- [PROMPT] Below are some records; quote exactly the lines from the one that contains "fix x assume" through the one that contains "x \<in> open_cell", inclusive, and no others.

- [RECORDS PROVIDED]
text \<open>Being connected and avoiding \<open>0\<close>, the component \<open>C\<close> lies in the recession cone or in its
  negative; in the second case the argument is repeated for the opposite orientation.\<close>

lemma inf_face_unique:
  assumes ess: "essential A" and "inf_face A T"
    and IC: "T \<subseteq> {v. v \<noteq> 0 \<and> (v \<in> rec_cone \<or> - v \<in> rec_cone)}"
    and dim: "aff_dim (rec_face \<union> uminus ` rec_face) \<le> aff_dim T"
  shows "T = rec_face \<union> uminus ` rec_face"
proof -
  obtain S C where S: "S \<subseteq> A" "C \<in> components (stratum A a (\<lambda>_. 0) S)" and T: "T = C \<union> uminus ` C"
    using inf_face_cases[OF ess assms(2)] by blast
  have TL: "C \<union> uminus ` C \<subseteq> rec_flat" using IC T sym_rec_cone_subset_rec_flat by blast
  have dimL: "aff_dim rec_flat \<le> aff_dim (C \<union> uminus ` C)" using dim T aff_dim_sym_rec_face by simp
  have "C \<subseteq> rec_cone \<or> C \<subseteq> uminus ` rec_cone"
    using sym_rec_cone_split[OF ess in_components_connected[OF S(2)]] IC T by blast
  then show ?thesis
  proof
    assume "C \<subseteq> rec_cone"
    from central_open_face_unique[OF order_refl rec_face_nonempty S this TL dimL]
    show ?thesis using T by simp
  next
    assume "C \<subseteq> uminus ` rec_cone"
    let ?a' = "\<lambda>K. - a K"
    have cell: "closed_cell A ?a' (\<lambda>_. 0) = uminus ` rec_cone" by (rule closed_cell_uminus)
    have face: "open_face A ?a' (\<lambda>_. 0) (closed_cell A ?a' (\<lambda>_. 0)) = uminus ` rec_face"
      unfolding cell by (rule open_face_uminus)
    have flat: "{x. \<forall>K\<in>tight_constraints A ?a' (\<lambda>_. 0) (uminus ` rec_cone). - a K \<bullet> x = 0} = rec_flat"
      unfolding tight_constraints_uminus by simp
    have "C = open_face A ?a' (\<lambda>_. 0) (closed_cell A ?a' (\<lambda>_. 0))"
    proof (rule central_open_face_unique[OF order_refl _ S(1)])
      show "open_face A ?a' (\<lambda>_. 0) (closed_cell A ?a' (\<lambda>_. 0)) \<noteq> {}"
        unfolding face using rec_face_nonempty by simp
      show "C \<in> components (stratum A ?a' (\<lambda>_. 0) S)" unfolding stratum_uminus by (rule S(2))
    qed (use \<open>C \<subseteq> uminus ` rec_cone\<close> TL dimL in \<open>simp_all only: cell flat\<close>)
    then have "C = uminus ` rec_face" unfolding face .
    then show ?thesis using T by (auto simp: image_image)
  qed
qed

lemma sym_rec_face_subset_hyperplane_iff:
  "rec_face \<union> uminus ` rec_face \<subseteq> {v. c \<bullet> v = 0} \<longleftrightarrow> (\<forall>u\<in>rec_cone. c \<bullet> u = 0)"
proof
  assume "rec_face \<union> uminus ` rec_face \<subseteq> {v. c \<bullet> v = 0}"
  then have "affine hull rec_face \<subseteq> {v. c \<bullet> v = 0}"
    by (intro hull_minimal affine_hyperplane) auto
  then show "\<forall>u\<in>rec_cone. c \<bullet> u = 0" using rec_cone_subset_affine_hull by blast
qed (use rec_face_subset in auto)

lemma tr_dom_open_cell:
  assumes ess: "essential A" and p: "p \<in> open_cell A a b"
    and unb: "\<not> bounded (open_cell A a b)"
  shows "tr_dom A (open_cell A a b) = rec_face \<union> uminus ` rec_face"
  unfolding tr_dom_def inf_closure_open_cell[OF p]
proof (rule the_max_aff_dim_eqI)
  note nontriv = recession_cone_nontrivial[OF unb]
  show "inf_face A (rec_face \<union> uminus ` rec_face)" by (rule inf_face_sym_rec_face[OF ess nontriv])
  show "rec_face \<union> uminus ` rec_face \<subseteq> {v. v \<noteq> 0 \<and> (v \<in> rec_cone \<or> - v \<in> rec_cone)}"
    using rec_face_subset zero_notin_rec_face[OF ess nontriv] by auto
  show "aff_dim T \<le> aff_dim (rec_face \<union> uminus ` rec_face)"
    if "T \<subseteq> {v. v \<noteq> 0 \<and> (v \<in> rec_cone \<or> - v \<in> rec_cone)}" for T
  proof -
    have "T \<subseteq> rec_flat" using that sym_rec_cone_subset_rec_flat by blast
    then show ?thesis using aff_dim_subset[OF \<open>T \<subseteq> rec_flat\<close>] aff_dim_sym_rec_face by simp
  qed
qed (rule inf_face_unique[OF ess])

lemma tr_dom_inner_nonzero:
  assumes ess: "essential A" and p: "p \<in> open_cell A a b"
    and unb: "\<not> bounded (open_cell A a b)"
    and grow: "filterlim (\<lambda>x. c \<bullet> x + d) at_top (inf at_infinity (principal (open_cell A a b)))"
    and v: "v \<in> tr_dom A (open_cell A a b)"
  shows "c \<bullet> v \<noteq> 0"
proof -
  have pos: "0 < c \<bullet> u" if "u \<in> rec_face" for u
  proof (rule growing_recession_pos[OF grow p])
    show "u \<in> rec_cone" using that rec_face_subset by blast
    show "u \<noteq> 0" using that zero_notin_rec_face[OF ess recession_cone_nontrivial[OF unb]] by blast
  qed
  from v show ?thesis
    unfolding tr_dom_open_cell[OF ess p unb] by (auto dest: pos simp: less_imp_neq[symmetric])
qed

lemma bounded_abs_affine_iff_tr_dom_subset:
  assumes ess: "essential A" and p: "p \<in> open_cell A a b"
    and unb: "\<not> bounded (open_cell A a b)"
  shows "bounded ((\<lambda>x. \<bar>c \<bullet> x + d\<bar>) ` open_cell A a b) \<longleftrightarrow>
    tr_dom A (open_cell A a b) \<subseteq> {v. c \<bullet> v = 0} - {0}"
proof -
  have "0 \<notin> rec_face" using zero_notin_rec_face[OF ess recession_cone_nontrivial[OF unb]] .
  then have "0 \<notin> tr_dom A (open_cell A a b)" unfolding tr_dom_open_cell[OF ess p unb] by force
  have "bounded ((\<lambda>x. \<bar>c \<bullet> x + d\<bar>) ` open_cell A a b) \<longleftrightarrow> (\<forall>u\<in>rec_cone. c \<bullet> u = 0)"
    by (rule bounded_abs_affine_on_open_cell_iff[OF finite_arrangement p])
  also have "\<dots> \<longleftrightarrow> tr_dom A (open_cell A a b) \<subseteq> {v. c \<bullet> v = 0}"
    unfolding tr_dom_open_cell[OF ess p unb] by (rule sym_rec_face_subset_hyperplane_iff[symmetric])
  finally show ?thesis using \<open>0 \<notin> tr_dom A (open_cell A a b)\<close> by blast
qed

lemma ext_support_open_cell:
  assumes ne: "open_cell A a b \<noteq> {}" and abs: "\<And>x. x \<in> closed_cell A a b \<Longrightarrow> \<bar>f x\<bar> = c \<bullet> x + d"
    and y: "y \<in> closed_cell A a b" "\<And>x. x \<in> closed_cell A a b \<Longrightarrow> c \<bullet> x \<le> c \<bullet> y"
  shows "ext_support A f (open_cell A a b) \<noteq> {}"
    and "ext_support A f (open_cell A a b) \<subseteq> closure (open_cell A a b)"
    and "\<forall>x\<in>ext_support A f (open_cell A a b). \<bar>f x\<bar> = \<bar>f y\<bar>"
proof -
  let ?G = "closed_cell A a b \<inter> {x. c \<bullet> x = c \<bullet> y}"
  have max: "max_set f (open_cell A a b) = ?G"
    using y abs by (auto simp: max_set_def closure_open_cell[OF ne] intro!: order.antisym)
  have G: "?G face_of closed_cell A a b" "?G \<noteq> {}"
    using y by (auto intro: face_of_Int_supporting_hyperplane_le convex_closed_cell)
  then have es: "ext_support A f (open_cell A a b) = open_face A a b ?G"
    unfolding ext_support_def max by (rule the_max_dim_face)
  have sub: "open_face A a b ?G \<subseteq> ?G" by (rule open_face_subset[OF finite_arrangement G])
  show "ext_support A f (open_cell A a b) \<noteq> {}"
    unfolding es using open_face_meets[OF finite_arrangement face_of_imp_convex[OF G(1)] G(2)] by blast
  show "ext_support A f (open_cell A a b) \<subseteq> closure (open_cell A a b)"
    unfolding es closure_open_cell[OF ne] using sub by blast
  show "\<forall>x\<in>ext_support A f (open_cell A a b). \<bar>f x\<bar> = \<bar>f y\<bar>"
  proof
    fix x assume "x \<in> ext_support A f (open_cell A a b)"
    then have "x \<in> ?G" using sub unfolding es by blast
    then show "\<bar>f x\<bar> = \<bar>f y\<bar>" using abs y(1) by simp
  qed
qed

lemma c_val_open_cell:
  assumes ne: "open_cell A a b \<noteq> {}" and "\<And>x. isCont f x"
    and abs: "\<And>x. x \<in> closed_cell A a b \<Longrightarrow> \<bar>f x\<bar> = c \<bullet> x + d"
    and y: "y \<in> closed_cell A a b" "\<And>x. x \<in> closed_cell A a b \<Longrightarrow> c \<bullet> x \<le> c \<bullet> y" "f y \<noteq> 0"
    and g: "\<And>x. x \<in> open_cell A a b \<Longrightarrow> g x = exp (\<alpha> * (complex_of_real (ln \<bar>f x\<bar>) + w))"
  shows "c_val A f g (open_cell A a b) = exp (\<alpha> * (complex_of_real (ln \<bar>f y\<bar>) + w))"
  using ext_support_open_cell[OF ne abs y(1,2)] y(3) g
  by (intro c_val_eq[OF open_open_cell[OF finite_arrangement] assms(2)]) auto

- [WRITTEN SOLUTION]
    fix x assume "x \<in> ext_support A f (open_cell A a b)"
    then have "x \<in> ?G" using sub unfolding es by blast
    then show "\<bar>f x\<bar> = \<bar>f y\<bar>" using abs y(1) by simp
  qed
qed

lemma c_val_open_cell:
  assumes ne: "open_cell A a b \<noteq> {}" and "\<And>x. isCont f x"
    and abs: "\<And>x. x \<in> closed_cell A a b \<Longrightarrow> \<bar>f x\<bar> = c \<bullet> x + d"
    and y: "y \<in> closed_cell A a b" "\<And>x. x \<in> closed_cell A a b \<Longrightarrow> c \<bullet> x \<le> c \<bullet> y" "f y \<noteq> 0"
    and g: "\<And>x. x \<in> open_cell A a b \<Longrightarrow> g x = exp (\<alpha> * (complex_of_real (ln \<bar>f x\<bar>) + w))"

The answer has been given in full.